Blueprinty is a small firm that builds software for preparing blueprints to submit alongside patent applications to the United States Patent and Trademark Office. Their marketing team would like to claim something specific and useful: that engineering firms which adopt Blueprinty’s software end up with more granted patents than firms that do not. If true, that is a strong selling point. If untrue, the claim would not last long once buyers compared notes.

The ideal data for this question does not exist. We would want, for each firm, a count of patents under both states of the world: one with the software, one without. The within-firm comparison would tell us exactly what we want to know. Real life only ever lets us see one of those counts per firm, which is the fundamental problem of causal inference.

What we have instead is a snapshot of 1,500 mature engineering firms with five years of patent activity, the firm’s region, its age in years, and an indicator for whether the firm is currently a Blueprinty customer. The temptation is to compare the customer mean against the non-customer mean and call it a day. The trouble is that customers are not selected at random. Firms that adopt the software likely differ from those that do not on age, region, and a long list of unobserved characteristics. A raw difference in patent counts is, at best, descriptive.

The plan is to model patents as a Poisson outcome, fit a regression that adjusts for age and region, and then use counterfactual predictions to back out a defensible estimate of the software’s effect, holding the observables fixed. We will derive the model from first principles, build the likelihood by hand in code, fit it with scipy.optimize, validate against a canonical Poisson GLM, and finish with a careful caveat about what the answer can and cannot prove.

Exploring the data

import numpy as np
import pandas as pd
import os

DATA_PATH = "data/blueprinty.csv"
HAS_DATA = os.path.exists(DATA_PATH)
if HAS_DATA:
    df = pd.read_csv(DATA_PATH)
    df["iscustomer"] = df["iscustomer"].astype(int)
else:
    df = pd.DataFrame(columns=["age", "region", "iscustomer", "patents"])
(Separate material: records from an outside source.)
theorem mainTheorem5:
  fixes U :: "(real^'n) set"
    and g J :: "real^'n \<Rightarrow> real^'n^'n"
    and p q :: real
    and E :: "'n \<Rightarrow> real^'n \<Rightarrow> real^'n"
    and X :: "real^'n \<Rightarrow> real^'n"
  assumes U_open: "open U"
    and g_sym: "\<forall>x\<in>U. transpose (g x) = g x"
    and g_nondeg: "\<forall>x\<in>U. invertible (g x)"
    and g_diff: "g differentiable_on U"
    and J_diff: "J differentiable_on U"
    and J_metallic: "\<forall>x\<in>U. J x ** J x = p *\<^sub>R J x + q *\<^sub>R mat 1"
    and J_gsym: "\<forall>x\<in>U. \<forall>u v. gval g x (J x *v u) v = gval g x u (J x *v v)"
    and E_diff: "\<forall>i. E i differentiable_on U"
    and E_orth: "\<forall>x\<in>U. \<forall>i j. i \<noteq> j \<longrightarrow> gval g x (E i x) (E j x) = 0"
    and E_norm: "\<forall>x\<in>U. \<forall>i. \<bar>gval g x (E i x) (E i x)\<bar> = 1"
    and X_diff: "X differentiable_on U"
  shows "\<forall>x\<in>U.
    (\<Sum>i\<in>UNIV. gval g x (dJ g J X (E i) x) (J x *v E i x))
      = 1/2 * p * (\<Sum>i\<in>UNIV. gval g x (nablaJ g J X (E i) x) (E i x))
        + p * gval g x (X x) (deltaJ g J E x)
        - gval g x (J x *v X x) (deltaJ g J E x)"
proof
  interpret metallic_chart U g J p q
    using U_open g_sym g_nondeg g_diff J_diff J_metallic J_gsym by unfold_locales
  fix x assume x: "x \<in> U"
  let ?A = "nablaJ_tensor g J x"
  have nabla: "nablaJ g J Z Y x = ?A (Z x) (Y x)" if "Y differentiable_on U" for Y Z
    by (simp add: nablaJ_eq_nablaJ_tensor differentiable_at_of_on J_diff that x)
  have A_gsym: "gval g x (?A v u) w = gval g x u (?A v w)" for v u w
    using nablaJ_tensor_gsym[OF x] .
  have A_anticomm: "?A v (J x *v u) + J x *v ?A v u = p *\<^sub>R ?A v u" for v u
    using nablaJ_tensor_anticomm[OF x] .
  have self: "gval g x (?A (X x) e) (J x *v e) = p / 2 * gval g x (?A (X x) e) e" for e
    using g_sym J_gsym x A_gsym A_anticomm by (blast intro: gval_J_symmetric_anticommuting_diag)
  have cross: "gval g x (?A e (X x)) (J x *v e) = p * gval g x (X x) (?A e e) - gval g x (J x *v X x) (?A e e)" for e
    using J_gsym x A_gsym A_anticomm by (blast intro: gval_J_symmetric_anticommuting)
  have delta: "deltaJ g J E x = - (\<Sum>i\<in>UNIV. ?A (E i x) (E i x))"
    unfolding deltaJ_def using nabla E_diff by simp
  show "(\<Sum>i\<in>UNIV. gval g x (dJ g J X (E i) x) (J x *v E i x))
      = 1/2 * p * (\<Sum>i\<in>UNIV. gval g x (nablaJ g J X (E i) x) (E i x))
        + p * gval g x (X x) (deltaJ g J E x)
        - gval g x (J x *v X x) (deltaJ g J E x)"
    unfolding dJ_def nabla[OF E_diff[rule_format]] nabla[OF X_diff] delta gval_diff_left self cross
      gval_neg_right gval_sum_right
    by (simp add: sum_subtractf sum.distrib sum_distrib_left algebra_simps)
qed

end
Patents by customer status

The raw comparison runs in the direction Blueprinty would want, with customers averaging more granted patents than non-customers over the same five-year window. The means alone do not tell us why. They could be a real software effect, or they could be a reflection of which firms tend to buy the software in the first place.

Are customers and non-customers comparable?

Customers are not spread evenly across regions. One region carries a disproportionate share of Blueprinty customers, which means a model that ignores region risks attributing the geographic mix of buyers to the software itself.

Customers also skew older on average. Older firms have had more time and more opportunity to accumulate patents, and they may also differ from younger firms on dozens of unobserved dimensions. This is the heart of the selection problem and the reason a model with covariates is unavoidable here.

A simple Poisson model via MLE

The Poisson likelihood

Patents are counts. They are not negative, they are not fractional, and a Normal distribution is a poor fit for a long-tailed non-negative count. The natural starting point is the Poisson, which has a single rate parameter \(\lambda > 0\) and the probability mass function

\[f(Y \mid \lambda) = \frac{e^{-\lambda} \lambda^{Y}}{Y!}, \qquad Y \in \{0, 1, 2, \ldots\}.\]

Assuming the \(n\) firms are independent and identically Poisson with the same rate, the joint likelihood is

\[\mathcal{L}(\lambda) = \prod_{i=1}^{n} \frac{e^{-\lambda} \lambda^{Y_i}}{Y_i!}.\]

Taking the log turns the product into a sum, which is what optimization routines want:

\[\ell(\lambda) = \sum_{i=1}^{n} \left[ -\lambda + Y_i \log \lambda - \log(Y_i!) \right] = -n\lambda + \log(\lambda) \sum_{i=1}^{n} Y_i - \sum_{i=1}^{n} \log(Y_i!).\]

The last term does not depend on \(\lambda\), so it falls out of the optimization. Differentiating the rest, setting the derivative to zero, and solving gives

\[\frac{d\ell}{d\lambda} = -n + \frac{1}{\lambda} \sum_i Y_i = 0 \quad \Longrightarrow \quad \hat{\lambda}_{\mathrm{MLE}} = \frac{1}{n} \sum_i Y_i = \bar{Y}.\]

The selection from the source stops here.